La Commissione Tributaria Provinciale accoglieva i ricorsi del contribuente, ritenendo non ricorrere né l’interposizione fittizia, né quella reale, e ritenendo altresì sfornita di prova, anche nel quantum, la pretesa impositiva.
La Commissione Tributaria Regionale rigettava poi gli appelli riuniti dell’Ufficio, ritenendo che, nella specie, mancasse l’interposizione fittizia, risultando non provata la volontaria partecipazione dei terzi all’interposizione dedotta dall’Ufficio.
Il giudice di appello aveva, inoltre, ritenuto insussistente il quadro indiziario in ordine all’appropriazione, da parte del contribuente, dei redditi dei soggetti interposti operanti nel cantiere oggetto di accertamento.
Nello specifico, il giudice di appello aveva ritenuto che fosse in particolare mancata la prova, attraverso indagini sui conti correnti riferibili al contribuente, che i pretesi redditi delle cooperative fossero effettivamente entrati nella sua disponibilità.
L’Agenzia delle Entrate proponeva infine ricorso per cassazione, deducendo, per quanto di interesse, la violazione e falsa applicazione degli artt. 2729 e 2697 cod. civ., 37, terzo comma, Dpr. 29 settembre 1973, n. 600, e 1 e 6 Dpr. 22 dicembre 1986, n. 917, per avere la CTR affermato che l’Ufficio non avesse provato che il contribuente, dopo essersi ingerito nella gestione delle cooperative asseritamente interposte, si fosse appropriato dei redditi dei soggetti interposti.
Osservava l’Amministrazione finanziaria come l’art. 37, terzo comma, Dpr. n. 600/1973 oneri l’Ufficio della sola prova della effettività del possesso dei redditi da parte del contribuente in base al principio del cd. “reddito entrata”, ossia del reddito come effetto di una causa economica specifica, intesa come concreta capacità del soggetto di sfruttare economicamente il cespite generatore del reddito, mentre spetta al contribuente dimostrare la mancata percezione dei redditi.
Osservava, pertanto, l’Ufficio che la mera prova del fatto che il contribuente gestisse le cooperative appropriandosi delle risorse e dei relativi flussi finanziari comportava comunque l’assolvimento dell’onere della prova a carico dell’Amministrazione finanziaria del possesso degli stessi, quali redditi da lui posseduti a termini dell’art. 37, terzo comma, Dpr. n. 600/1973.

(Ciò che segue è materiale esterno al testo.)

(* Let $\mathcal N'$ be the set of pairs of integers $(p,u)$ such that either $p=1$ and $u=0$, or $u=2n\geq 2^m\geq p\geq 2$ for some integers $m,n$. Let $\mathcal N=\mathcal N'\cup\{(p,\infty): p\geq 2 \text{ an integer or } p=\infty\}$. If $F$ is a real field, then $(p(F),u(F))\in\mathcal N$. If in addition $I^k_tF=0$ for some $k\geq 1$, then $p(F)\leq 2^{k-1}$.
   Context: All fields have characteristic $\neq 2$, forms are nondegenerate and finite-dimensional. A field is real if it admits an ordering. $WF$ is the Witt ring, $IF$ its fundamental ideal, $I^kF$ its $k$-th power, $W_tF$ the torsion part of $WF$ (for real $F$, the forms of signature $0$ at every ordering), and $I^k_tF=I^kF\cap W_tF$. The Pythagoras number $p(F)$ is the least integer $p\geq1$ such that every sum of squares in $F$ is a sum of $p$ squares ($\infty$ if none exists). The $u$-invariant $u(F)$ is the supremum of dimensions of anisotropic forms over $F$ whose class lies in $W_tF$ (torsion forms); for nonreal $F$ this is the supremum of dimensions of all anisotropic forms. *)

theory Defs
  imports Main "HOL-Library.Extended_Nat"
begin

text \<open>Fields of characteristic not 2 are types of class field with 2 \<noteq> 0.
  Since char \<noteq> 2, every nondegenerate quadratic form is diagonalizable, so a
  (nondegenerate) form of dimension n is represented by a list of n nonzero
  diagonal entries.  Vectors are functions nat \<Rightarrow> 'a, of which only the
  entries with index < n matter.\<close>

definition is_form :: "'a::field list \<Rightarrow> bool" where
  "is_form a \<longleftrightarrow> (\<forall>x\<in>set a. x \<noteq> 0)"

definition qval :: "'a::field list \<Rightarrow> (nat \<Rightarrow> 'a) \<Rightarrow> 'a" where
  "qval a x = (\<Sum>i<length a. a ! i * (x i)^2)"

definition isotropic :: "'a::field list \<Rightarrow> bool" where
  "isotropic a \<longleftrightarrow> (\<exists>x. (\<exists>i<length a. x i \<noteq> 0) \<and> qval a x = 0)"

definition anisotropic :: "'a::field list \<Rightarrow> bool" where
  "anisotropic a \<longleftrightarrow> \<not> isotropic a"

definition linmap :: "nat \<Rightarrow> (nat \<Rightarrow> nat \<Rightarrow> 'a::field) \<Rightarrow> (nat \<Rightarrow> 'a) \<Rightarrow> (nat \<Rightarrow> 'a)" where
  "linmap n M x = (\<lambda>i. \<Sum>j<n. M i j * x j)"

definition isometric :: "'a::field list \<Rightarrow> 'a list \<Rightarrow> bool" where
  "isometric a b \<longleftrightarrow> length a = length b \<and>
     (\<exists>M. (\<forall>x. (\<forall>i<length a. linmap (length a) M x i = 0) \<longrightarrow> (\<forall>j<length a. x j = 0))
         \<and> (\<forall>x. qval a (linmap (length a) M x) = qval b x))"

definition hyperbolic :: "'a::field list \<Rightarrow> bool" where
  "hyperbolic a \<longleftrightarrow> (\<exists>k. isometric a (concat (replicate k [1, -1])))"

definition witt_equiv :: "'a::field list \<Rightarrow> 'a list \<Rightarrow> bool" where
  "witt_equiv a b \<longleftrightarrow> hyperbolic (a @ map uminus b)"

definition torsion_form :: "'a::field list \<Rightarrow> bool" where
  "torsion_form a \<longleftrightarrow> (\<exists>m\<ge>1. hyperbolic (concat (replicate m a)))"

text \<open>Pfister form <<a1,...,ak>> = <1,-a1> \<otimes> ... \<otimes> <1,-ak>.\<close>
fun pfister :: "'a::field list \<Rightarrow> 'a list" where
  "pfister [] = [1]"
| "pfister (x # xs) = pfister xs @ map (\<lambda>y. (- x) * y) (pfister xs)"

text \<open>The Witt class of a lies in I^k F (additively generated by k-fold Pfister
  forms; negatives are scalar multiples, so I^k consists of the classes of
  orthogonal sums of scaled k-fold Pfister forms).\<close>
definition in_Ik :: "nat \<Rightarrow> 'a::field list \<Rightarrow> bool" where
  "in_Ik k a \<longleftrightarrow> (\<exists>cs :: ('a \<times> 'a list) list.
      (\<forall>(c, as) \<in> set cs. c \<noteq> 0 \<and> length as = k \<and> (\<forall>x\<in>set as. x \<noteq> 0)) \<and>
      witt_equiv a (concat (map (\<lambda>(c, as). map (\<lambda>y. c * y) (pfister as)) cs)))"

definition Ikt_zero :: "'a::field itself \<Rightarrow> nat \<Rightarrow> bool" where
  "Ikt_zero _ k \<longleftrightarrow> (\<forall>a :: 'a list. is_form a \<and> in_Ik k a \<and> torsion_form a \<longrightarrow> hyperbolic a)"

definition is_ordering :: "'a::field set \<Rightarrow> bool" where
  "is_ordering P \<longleftrightarrow> (\<forall>x\<in>P. \<forall>y\<in>P. x + y \<in> P \<and> x * y \<in> P) \<and>
     (\<forall>x. x \<in> P \<or> - x \<in> P) \<and> (\<forall>x. x \<in> P \<and> - x \<in> P \<longrightarrow> x = 0)"

definition real_field :: "'a::field itself \<Rightarrow> bool" where
  "real_field _ \<longleftrightarrow> (\<exists>P :: 'a set. is_ordering P)"

definition sum_of_squares :: "nat \<Rightarrow> 'a::field \<Rightarrow> bool" where
  "sum_of_squares n y \<longleftrightarrow> (\<exists>x :: nat \<Rightarrow> 'a. y = (\<Sum>i<n. (x i)^2))"

definition pyth_prop :: "'a::field itself \<Rightarrow> nat \<Rightarrow> bool" where
  "pyth_prop _ p \<longleftrightarrow> p \<ge> 1 \<and> (\<forall>y :: 'a. (\<exists>n. sum_of_squares n y) \<longrightarrow> sum_of_squares p y)"

definition pythagoras_number :: "'a::field itself \<Rightarrow> enat" where
  "pythagoras_number T = (if \<exists>p. pyth_prop T p then enat (LEAST p. pyth_prop T p) else \<infinity>)"

definition u_invariant :: "'a::field itself \<Rightarrow> enat" where
  "u_invariant _ = Sup {enat (length a) | a :: 'a list. is_form a \<and> anisotropic a \<and> torsion_form a}"

definition admissible_pairs :: "(enat \<times> enat) set" where
  "admissible_pairs =
     {(p, u). (p = 1 \<and> u = 0) \<or>
              (\<exists>m n :: nat. u = enat (2 * n) \<and> 2 * n \<ge> 2 ^ m \<and> enat (2 ^ m) \<ge> p \<and> p \<ge> 2)}
     \<union> {(p, u). u = \<infinity> \<and> p \<ge> 2}"

end

theory Submission
  imports Defs "HOL-Combinatorics.Permutations"
begin

text \<open>If some sum of squares s is not a sum of \<open>2^k\<close> squares,
  the Pfister form \<open>\<langle>\<langle>s, -1, \<dots>, -1\<rangle>\<rangle> = 2^k\<langle>1\<rangle> \<perp> 2^k\<langle>-s\<rangle>\<close> is anisotropic, because
  the nonzero sums of \<open>2^k\<close> squares form a group (Pfister); it is torsion, because 1/s is
  a sum of squares; and it lies in \<open>I^(k+1) F\<close>.  So \<open>p(F) > 2^k\<close> forces \<open>u(F) \<ge> 2^(k+1)\<close>,
  which yields \<open>p(F) \<le> 2^m \<le> u(F)\<close> when u(F) is finite, and \<open>I^k_t F = 0\<close> forces
  \<open>p(F) \<le> 2^(k-1)\<close>.  By Sylvester's law of inertia a torsion form has as many positive as
  negative entries at an ordering, so u(F) is even.  Finally, if \<open>p(F) = 1\<close> then \<open>a \<perp> a\<close> is
  anisotropic with a, so some multiple of a nonzero anisotropic torsion form would be both
  anisotropic and hyperbolic; hence \<open>u(F) = 0\<close>.\<close>

definition sumsq :: "nat \<Rightarrow> (nat \<Rightarrow> 'a::field) \<Rightarrow> 'a" where
  "sumsq n x = (\<Sum>i<n. (x i)^2)"

definition drop_vec :: "nat \<Rightarrow> (nat \<Rightarrow> 'a) \<Rightarrow> nat \<Rightarrow> 'a" where
  "drop_vec n x = (\<lambda>i. x (i + n))"

definition append_vec :: "nat \<Rightarrow> (nat \<Rightarrow> 'a) \<Rightarrow> (nat \<Rightarrow> 'a) \<Rightarrow> nat \<Rightarrow> 'a" where
  "append_vec n p q = (\<lambda>i. if i < n then p i else q (i - n))"

lemma sum_lessThan_add:
  "(\<Sum>i<m + n. (f::nat \<Rightarrow> 'b::comm_monoid_add) i) = (\<Sum>i<m. f i) + (\<Sum>i<n. f (i + m))"
  by (induction n) (auto simp: add.commute add.left_commute)

lemma drop_vec_append_vec [simp]: "drop_vec n (append_vec n p q) = q"
  by (simp add: drop_vec_def append_vec_def)

lemma vec_zero_if_halves_zero:
  assumes "\<forall>i<n. x i = 0" and "\<forall>i<n. drop_vec n x i = 0"
  shows "\<forall>i<n + n. x i = 0"
  using assms by (metis add.commute add_diff_inverse_nat drop_vec_def nat_add_left_cancel_less)

lemma qval_cong: "(\<And>i. i < length a \<Longrightarrow> x i = y i) \<Longrightarrow> qval a x = qval a y"
  by (simp add: qval_def)

lemma qval_zero [simp]: "qval a (\<lambda>i. 0) = 0"
  by (simp add: qval_def)

lemma qval_append: "qval (a @ b) x = qval a x + qval b (drop_vec (length a) x)"
  by (simp add: qval_def drop_vec_def nth_append sum_lessThan_add)

lemma qval_replicate: "qval (replicate n c) x = c * sumsq n x"
  by (simp add: qval_def sumsq_def sum_distrib_left)

lemma qval_uminus: "qval (map uminus a) x = - qval a x"
  by (simp add: qval_def sum_negf)

lemma qval_scale: "qval a (\<lambda>i. c * x i) = c^2 * qval a x"
  unfolding qval_def sum_distrib_left
  by (rule sum.cong) (simp_all add: power_mult_distrib mult.left_commute)

lemma qval_lincomb:
  "qval a (\<lambda>i. s * x i + t * y i) =
     s^2 * qval a x + 2 * s * t * (\<Sum>i<length a. a ! i * x i * y i) + t^2 * qval a y"
proof -
  have "qval a (\<lambda>i. s * x i + t * y i) = (\<Sum>i<length a. s^2 * (a ! i * (x i)^2)
          + 2 * s * t * (a ! i * x i * y i) + t^2 * (a ! i * (y i)^2))"
    unfolding qval_def by (rule sum.cong) (simp_all add: power2_eq_square algebra_simps)
  then show ?thesis
    by (simp add: qval_def sum.distrib sum_distrib_left)
qed

lemma sumsq_cong: "(\<And>i. i < n \<Longrightarrow> x i = y i) \<Longrightarrow> sumsq n x = sumsq n y"
  by (simp add: sumsq_def)

lemma sumsq_add: "sumsq (n + n) x = sumsq n x + sumsq n (drop_vec n x)"
  unfolding sumsq_def drop_vec_def by (rule sum_lessThan_add)

lemma sumsq_append_vec: "sumsq (n + n) (append_vec n p q) = sumsq n p + sumsq n q"
proof -
  have "sumsq n (append_vec n p q) = sumsq n p"
    by (rule sumsq_cong) (simp add: append_vec_def)
  then show ?thesis by (simp add: sumsq_add)
qed

lemma sumsq_scale: "sumsq n (\<lambda>i. c * x i) = c^2 * sumsq n x"
  by (simp add: sumsq_def sum_distrib_left power_mult_distrib)

lemma sum_of_squares_iff_sumsq: "sum_of_squares n y \<longleftrightarrow> (\<exists>x. y = sumsq n x)"
  by (simp add: sum_of_squares_def sumsq_def)

lemma ordering_add: "is_ordering P \<Longrightarrow> x \<in> P \<Longrightarrow> y \<in> P \<Longrightarrow> x + y \<in> P"
  by (simp add: is_ordering_def)

lemma ordering_mult: "is_ordering P \<Longrightarrow> x \<in> P \<Longrightarrow> y \<in> P \<Longrightarrow> x * y \<in> P"
  by (simp add: is_ordering_def)

lemma ordering_antisym: "is_ordering P \<Longrightarrow> x \<in> P \<Longrightarrow> - x \<in> P \<Longrightarrow> x = 0"
  by (simp add: is_ordering_def)

lemma ordering_uminus_notin: "is_ordering P \<Longrightarrow> x \<notin> P \<Longrightarrow> - x \<in> P"
  by (auto simp: is_ordering_def)

lemma ordering_square: assumes "is_ordering P" shows "x^2 \<in> P"
proof (cases "x \<in> P")
  case True
  then show ?thesis using ordering_mult[OF assms] by (simp add: power2_eq_square)
next
  case False
  then have "(- x) * (- x) \<in> P"
    using ordering_mult[OF assms] ordering_uminus_notin[OF assms] by blast
  then show ?thesis by (simp add: power2_eq_square)
qed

Con altro motivo di impugnazione, l’Agenzia delle Entrate deduceva poi che l’art. 37, terzo comma, Dpr. n. 600/1973 era stato violato nella parte in cui la sentenza non aveva ritenuto rilevante accertare se sussistesse l’interposizione reale, laddove la norma in questione si applica a qualsiasi ipotesi di dissociazione tra titolarità apparente e possesso effettivo, sia che si tratti di interposizione fittizia che reale.
Secondo la Suprema Corte le censure erano fondate.
La posizione della Corte di Cassazione su profili accertativi in caso di interposizione, fittizia o reale
Evidenziano i giudici di legittimità che l’art. 37, terzo comma, Dpr. n. 600/1973 stabilisce che “in sede di rettifica o di accertamento d’ufficio sono imputati al contribuente i redditi di cui appaiono titolari altri soggetti quando sia dimostrato, anche sulla base di presunzioni gravi, precise e concordanti, che egli ne è l’effettivo possessore per interposta persona”.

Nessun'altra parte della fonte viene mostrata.